[Records supplied Boundary: Start]

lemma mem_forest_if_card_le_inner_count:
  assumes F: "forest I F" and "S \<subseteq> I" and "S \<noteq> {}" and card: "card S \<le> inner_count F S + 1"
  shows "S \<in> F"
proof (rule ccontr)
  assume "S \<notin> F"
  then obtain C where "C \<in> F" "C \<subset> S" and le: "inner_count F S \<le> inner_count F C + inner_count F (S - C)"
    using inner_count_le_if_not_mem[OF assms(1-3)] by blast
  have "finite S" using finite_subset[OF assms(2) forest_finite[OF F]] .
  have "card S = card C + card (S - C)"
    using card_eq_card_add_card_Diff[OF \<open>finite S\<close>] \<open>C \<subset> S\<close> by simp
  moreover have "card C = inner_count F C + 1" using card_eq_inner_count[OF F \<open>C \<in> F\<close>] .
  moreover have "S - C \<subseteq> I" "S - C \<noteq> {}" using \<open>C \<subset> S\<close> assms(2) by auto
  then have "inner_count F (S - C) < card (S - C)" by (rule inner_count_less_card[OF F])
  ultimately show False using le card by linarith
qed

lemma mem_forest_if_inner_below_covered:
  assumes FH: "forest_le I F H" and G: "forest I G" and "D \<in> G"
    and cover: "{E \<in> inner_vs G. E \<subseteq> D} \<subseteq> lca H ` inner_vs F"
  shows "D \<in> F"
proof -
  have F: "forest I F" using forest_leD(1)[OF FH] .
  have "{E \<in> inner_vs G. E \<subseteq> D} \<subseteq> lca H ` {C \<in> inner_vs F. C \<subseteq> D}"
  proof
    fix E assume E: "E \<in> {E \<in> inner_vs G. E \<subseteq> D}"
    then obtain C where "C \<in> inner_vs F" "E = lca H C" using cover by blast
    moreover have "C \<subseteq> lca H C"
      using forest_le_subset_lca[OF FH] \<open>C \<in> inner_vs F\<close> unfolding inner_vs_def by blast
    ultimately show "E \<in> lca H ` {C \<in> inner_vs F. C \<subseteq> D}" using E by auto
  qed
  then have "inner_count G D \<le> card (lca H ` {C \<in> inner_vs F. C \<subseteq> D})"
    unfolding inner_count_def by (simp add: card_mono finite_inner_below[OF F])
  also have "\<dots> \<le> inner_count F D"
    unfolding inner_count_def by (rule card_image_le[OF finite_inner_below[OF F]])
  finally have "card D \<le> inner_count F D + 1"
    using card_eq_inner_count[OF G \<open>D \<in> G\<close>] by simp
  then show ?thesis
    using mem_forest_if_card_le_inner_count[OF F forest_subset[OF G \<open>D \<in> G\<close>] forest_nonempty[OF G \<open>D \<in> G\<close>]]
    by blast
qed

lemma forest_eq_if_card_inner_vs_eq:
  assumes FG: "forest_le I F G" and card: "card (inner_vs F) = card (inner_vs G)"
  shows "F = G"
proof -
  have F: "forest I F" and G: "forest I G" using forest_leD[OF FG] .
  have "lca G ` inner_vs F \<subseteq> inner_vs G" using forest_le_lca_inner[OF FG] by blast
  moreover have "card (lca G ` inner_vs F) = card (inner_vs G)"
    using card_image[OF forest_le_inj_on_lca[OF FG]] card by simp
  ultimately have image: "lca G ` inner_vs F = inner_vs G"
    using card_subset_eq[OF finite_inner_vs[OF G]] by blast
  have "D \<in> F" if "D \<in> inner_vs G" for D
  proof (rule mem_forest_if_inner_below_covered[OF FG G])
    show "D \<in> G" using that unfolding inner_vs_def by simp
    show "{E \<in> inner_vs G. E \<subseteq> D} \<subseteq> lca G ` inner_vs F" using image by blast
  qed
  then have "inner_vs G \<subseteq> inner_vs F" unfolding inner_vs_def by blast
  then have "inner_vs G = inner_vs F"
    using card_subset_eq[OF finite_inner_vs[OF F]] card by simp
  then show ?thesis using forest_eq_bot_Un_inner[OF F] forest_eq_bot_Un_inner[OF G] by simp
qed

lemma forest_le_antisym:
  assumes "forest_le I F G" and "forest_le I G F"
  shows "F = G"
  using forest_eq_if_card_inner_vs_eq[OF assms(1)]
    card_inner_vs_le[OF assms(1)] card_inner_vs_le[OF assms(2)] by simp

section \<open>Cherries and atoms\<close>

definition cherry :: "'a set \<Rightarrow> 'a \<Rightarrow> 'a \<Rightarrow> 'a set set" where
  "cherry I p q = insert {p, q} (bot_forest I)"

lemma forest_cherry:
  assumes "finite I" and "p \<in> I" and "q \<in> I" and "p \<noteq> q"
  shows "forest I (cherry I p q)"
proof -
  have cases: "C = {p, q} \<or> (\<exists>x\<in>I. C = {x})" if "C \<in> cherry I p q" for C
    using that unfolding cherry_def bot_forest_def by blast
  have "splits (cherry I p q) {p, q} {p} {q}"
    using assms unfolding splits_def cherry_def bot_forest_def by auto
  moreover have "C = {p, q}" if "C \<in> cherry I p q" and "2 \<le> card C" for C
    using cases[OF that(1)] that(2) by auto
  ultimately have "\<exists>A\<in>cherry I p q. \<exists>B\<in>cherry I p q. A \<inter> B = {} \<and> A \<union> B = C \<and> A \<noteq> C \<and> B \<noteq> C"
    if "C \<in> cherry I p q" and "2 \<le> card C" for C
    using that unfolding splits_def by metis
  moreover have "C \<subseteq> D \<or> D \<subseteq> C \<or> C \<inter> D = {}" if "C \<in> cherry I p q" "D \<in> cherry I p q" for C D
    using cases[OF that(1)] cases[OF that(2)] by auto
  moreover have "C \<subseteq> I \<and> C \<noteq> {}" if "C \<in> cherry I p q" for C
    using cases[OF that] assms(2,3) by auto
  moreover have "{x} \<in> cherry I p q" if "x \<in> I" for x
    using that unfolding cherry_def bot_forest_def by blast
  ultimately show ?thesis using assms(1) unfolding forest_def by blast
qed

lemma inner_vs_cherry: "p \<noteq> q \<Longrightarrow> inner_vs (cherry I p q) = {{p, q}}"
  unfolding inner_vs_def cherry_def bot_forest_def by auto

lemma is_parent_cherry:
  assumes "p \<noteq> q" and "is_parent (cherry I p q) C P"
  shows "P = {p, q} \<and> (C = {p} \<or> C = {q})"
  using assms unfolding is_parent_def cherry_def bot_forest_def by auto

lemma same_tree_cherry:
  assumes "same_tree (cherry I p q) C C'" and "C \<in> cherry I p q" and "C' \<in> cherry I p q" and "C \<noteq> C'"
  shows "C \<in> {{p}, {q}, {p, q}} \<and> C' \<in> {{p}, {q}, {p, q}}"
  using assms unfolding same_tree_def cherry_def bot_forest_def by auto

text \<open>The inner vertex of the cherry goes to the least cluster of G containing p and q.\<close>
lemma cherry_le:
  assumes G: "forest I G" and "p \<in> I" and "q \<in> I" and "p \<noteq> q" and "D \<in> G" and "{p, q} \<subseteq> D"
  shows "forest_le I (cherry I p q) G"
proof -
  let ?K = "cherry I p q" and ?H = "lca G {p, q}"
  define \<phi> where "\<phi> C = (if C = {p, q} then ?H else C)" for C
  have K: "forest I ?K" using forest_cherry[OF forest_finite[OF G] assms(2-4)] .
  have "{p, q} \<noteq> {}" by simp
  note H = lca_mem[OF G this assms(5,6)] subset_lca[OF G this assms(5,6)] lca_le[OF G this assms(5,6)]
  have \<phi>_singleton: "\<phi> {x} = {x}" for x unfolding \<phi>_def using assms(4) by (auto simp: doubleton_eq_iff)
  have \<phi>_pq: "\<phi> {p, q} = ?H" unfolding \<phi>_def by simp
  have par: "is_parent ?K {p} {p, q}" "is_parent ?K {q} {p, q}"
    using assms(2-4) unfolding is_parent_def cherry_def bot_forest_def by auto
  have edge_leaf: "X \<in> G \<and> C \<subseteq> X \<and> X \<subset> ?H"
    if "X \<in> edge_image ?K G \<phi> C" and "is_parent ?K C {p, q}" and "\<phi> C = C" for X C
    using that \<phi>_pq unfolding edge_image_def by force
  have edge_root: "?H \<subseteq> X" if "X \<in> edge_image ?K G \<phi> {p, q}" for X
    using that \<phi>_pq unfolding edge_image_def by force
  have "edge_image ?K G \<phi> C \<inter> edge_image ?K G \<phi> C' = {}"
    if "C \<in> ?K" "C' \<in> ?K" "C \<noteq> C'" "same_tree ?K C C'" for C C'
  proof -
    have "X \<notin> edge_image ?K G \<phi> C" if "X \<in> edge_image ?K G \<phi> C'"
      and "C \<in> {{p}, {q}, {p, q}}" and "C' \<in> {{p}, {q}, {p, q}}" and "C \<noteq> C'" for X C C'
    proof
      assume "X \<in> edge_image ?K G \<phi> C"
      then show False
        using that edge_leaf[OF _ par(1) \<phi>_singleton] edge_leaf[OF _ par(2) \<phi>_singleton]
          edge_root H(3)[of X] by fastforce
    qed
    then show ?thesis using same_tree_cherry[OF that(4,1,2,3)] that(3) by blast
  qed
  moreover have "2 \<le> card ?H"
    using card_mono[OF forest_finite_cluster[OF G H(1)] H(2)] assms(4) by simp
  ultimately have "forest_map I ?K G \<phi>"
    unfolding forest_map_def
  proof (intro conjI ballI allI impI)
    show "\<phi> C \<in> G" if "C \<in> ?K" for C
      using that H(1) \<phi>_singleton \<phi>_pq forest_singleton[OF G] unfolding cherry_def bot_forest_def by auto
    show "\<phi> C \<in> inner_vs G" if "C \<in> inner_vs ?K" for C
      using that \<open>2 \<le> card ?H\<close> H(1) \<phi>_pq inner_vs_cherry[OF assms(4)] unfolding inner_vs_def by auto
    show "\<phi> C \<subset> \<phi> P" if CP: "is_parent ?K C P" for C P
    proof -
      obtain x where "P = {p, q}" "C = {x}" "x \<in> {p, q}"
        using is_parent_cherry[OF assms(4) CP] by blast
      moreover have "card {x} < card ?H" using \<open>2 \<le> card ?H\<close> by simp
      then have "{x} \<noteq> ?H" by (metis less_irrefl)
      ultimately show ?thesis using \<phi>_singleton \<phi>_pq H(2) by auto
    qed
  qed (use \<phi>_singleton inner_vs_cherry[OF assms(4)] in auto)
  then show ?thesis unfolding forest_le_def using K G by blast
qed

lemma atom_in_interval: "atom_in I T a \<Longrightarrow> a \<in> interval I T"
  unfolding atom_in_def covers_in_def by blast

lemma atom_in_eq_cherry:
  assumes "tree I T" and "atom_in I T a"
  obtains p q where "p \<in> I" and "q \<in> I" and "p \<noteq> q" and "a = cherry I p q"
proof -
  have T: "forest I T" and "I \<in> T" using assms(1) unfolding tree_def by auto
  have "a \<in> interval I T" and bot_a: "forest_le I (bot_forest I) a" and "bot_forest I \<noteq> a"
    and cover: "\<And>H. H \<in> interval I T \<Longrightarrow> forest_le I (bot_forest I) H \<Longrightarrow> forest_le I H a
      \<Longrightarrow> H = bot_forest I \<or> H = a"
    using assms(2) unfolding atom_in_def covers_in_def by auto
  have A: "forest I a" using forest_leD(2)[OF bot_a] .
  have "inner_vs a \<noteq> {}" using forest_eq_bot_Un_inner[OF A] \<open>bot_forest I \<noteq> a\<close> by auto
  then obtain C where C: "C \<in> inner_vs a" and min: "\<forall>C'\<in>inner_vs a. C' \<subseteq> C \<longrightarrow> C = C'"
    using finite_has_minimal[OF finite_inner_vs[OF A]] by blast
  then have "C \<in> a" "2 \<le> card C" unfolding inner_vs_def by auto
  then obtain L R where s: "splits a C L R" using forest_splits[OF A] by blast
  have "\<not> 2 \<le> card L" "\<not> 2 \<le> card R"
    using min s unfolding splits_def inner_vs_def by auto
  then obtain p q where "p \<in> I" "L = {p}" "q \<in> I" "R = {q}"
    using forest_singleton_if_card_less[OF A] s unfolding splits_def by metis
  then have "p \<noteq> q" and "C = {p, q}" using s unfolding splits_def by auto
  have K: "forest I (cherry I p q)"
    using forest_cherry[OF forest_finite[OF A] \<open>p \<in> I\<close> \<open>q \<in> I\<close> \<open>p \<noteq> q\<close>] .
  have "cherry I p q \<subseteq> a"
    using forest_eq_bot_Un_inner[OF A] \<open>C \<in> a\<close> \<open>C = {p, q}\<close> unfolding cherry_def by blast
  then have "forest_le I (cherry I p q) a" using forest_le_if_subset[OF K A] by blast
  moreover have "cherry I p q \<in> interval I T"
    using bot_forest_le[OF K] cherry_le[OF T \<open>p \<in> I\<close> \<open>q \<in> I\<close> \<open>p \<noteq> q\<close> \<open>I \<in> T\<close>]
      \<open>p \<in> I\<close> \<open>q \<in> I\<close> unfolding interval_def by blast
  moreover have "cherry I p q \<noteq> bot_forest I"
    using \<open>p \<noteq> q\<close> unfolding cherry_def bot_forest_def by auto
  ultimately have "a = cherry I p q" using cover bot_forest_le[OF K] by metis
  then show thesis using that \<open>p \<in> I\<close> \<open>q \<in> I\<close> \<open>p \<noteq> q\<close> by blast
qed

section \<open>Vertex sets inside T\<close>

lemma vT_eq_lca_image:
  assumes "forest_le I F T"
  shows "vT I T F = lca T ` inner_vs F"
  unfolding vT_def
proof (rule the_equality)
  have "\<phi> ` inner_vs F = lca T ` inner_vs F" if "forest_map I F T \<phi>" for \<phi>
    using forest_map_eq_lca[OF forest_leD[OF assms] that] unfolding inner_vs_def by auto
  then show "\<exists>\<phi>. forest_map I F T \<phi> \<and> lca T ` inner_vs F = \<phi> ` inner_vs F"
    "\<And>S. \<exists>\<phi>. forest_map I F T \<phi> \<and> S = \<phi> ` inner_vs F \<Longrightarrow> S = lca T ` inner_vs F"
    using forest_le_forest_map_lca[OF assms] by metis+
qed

[Records supplied Boundary: End]

→ Task objective
Give back exactly the lines from the first line of the records through the line holding "using card_eq_inner_count[OF G", including both of those lines and leaving out all others.

→ Exercise solution
lemma mem_forest_if_card_le_inner_count:
  assumes F: "forest I F" and "S \<subseteq> I" and "S \<noteq> {}" and card: "card S \<le> inner_count F S + 1"
  shows "S \<in> F"
proof (rule ccontr)
  assume "S \<notin> F"
  then obtain C where "C \<in> F" "C \<subset> S" and le: "inner_count F S \<le> inner_count F C + inner_count F (S - C)"
    using inner_count_le_if_not_mem[OF assms(1-3)] by blast
  have "finite S" using finite_subset[OF assms(2) forest_finite[OF F]] .
  have "card S = card C + card (S - C)"
    using card_eq_card_add_card_Diff[OF \<open>finite S\<close>] \<open>C \<subset> S\<close> by simp
  moreover have "card C = inner_count F C + 1" using card_eq_inner_count[OF F \<open>C \<in> F\<close>] .
  moreover have "S - C \<subseteq> I" "S - C \<noteq> {}" using \<open>C \<subset> S\<close> assms(2) by auto
  then have "inner_count F (S - C) < card (S - C)" by (rule inner_count_less_card[OF F])
  ultimately show False using le card by linarith
qed

lemma mem_forest_if_inner_below_covered:
  assumes FH: "forest_le I F H" and G: "forest I G" and "D \<in> G"
    and cover: "{E \<in> inner_vs G. E \<subseteq> D} \<subseteq> lca H ` inner_vs F"
  shows "D \<in> F"
proof -
  have F: "forest I F" using forest_leD(1)[OF FH] .
  have "{E \<in> inner_vs G. E \<subseteq> D} \<subseteq> lca H ` {C \<in> inner_vs F. C \<subseteq> D}"
  proof
    fix E assume E: "E \<in> {E \<in> inner_vs G. E \<subseteq> D}"
    then obtain C where "C \<in> inner_vs F" "E = lca H C" using cover by blast
    moreover have "C \<subseteq> lca H C"
      using forest_le_subset_lca[OF FH] \<open>C \<in> inner_vs F\<close> unfolding inner_vs_def by blast
    ultimately show "E \<in> lca H ` {C \<in> inner_vs F. C \<subseteq> D}" using E by auto
  qed
  then have "inner_count G D \<le> card (lca H ` {C \<in> inner_vs F. C \<subseteq> D})"
    unfolding inner_count_def by (simp add: card_mono finite_inner_below[OF F])
  also have "\<dots> \<le> inner_count F D"
    unfolding inner_count_def by (rule card_image_le[OF finite_inner_below[OF F]])
  finally have "card D \<le> inner_count F D + 1"
    using card_eq_inner_count[OF G \<open>D \<in> G\<close>] by simp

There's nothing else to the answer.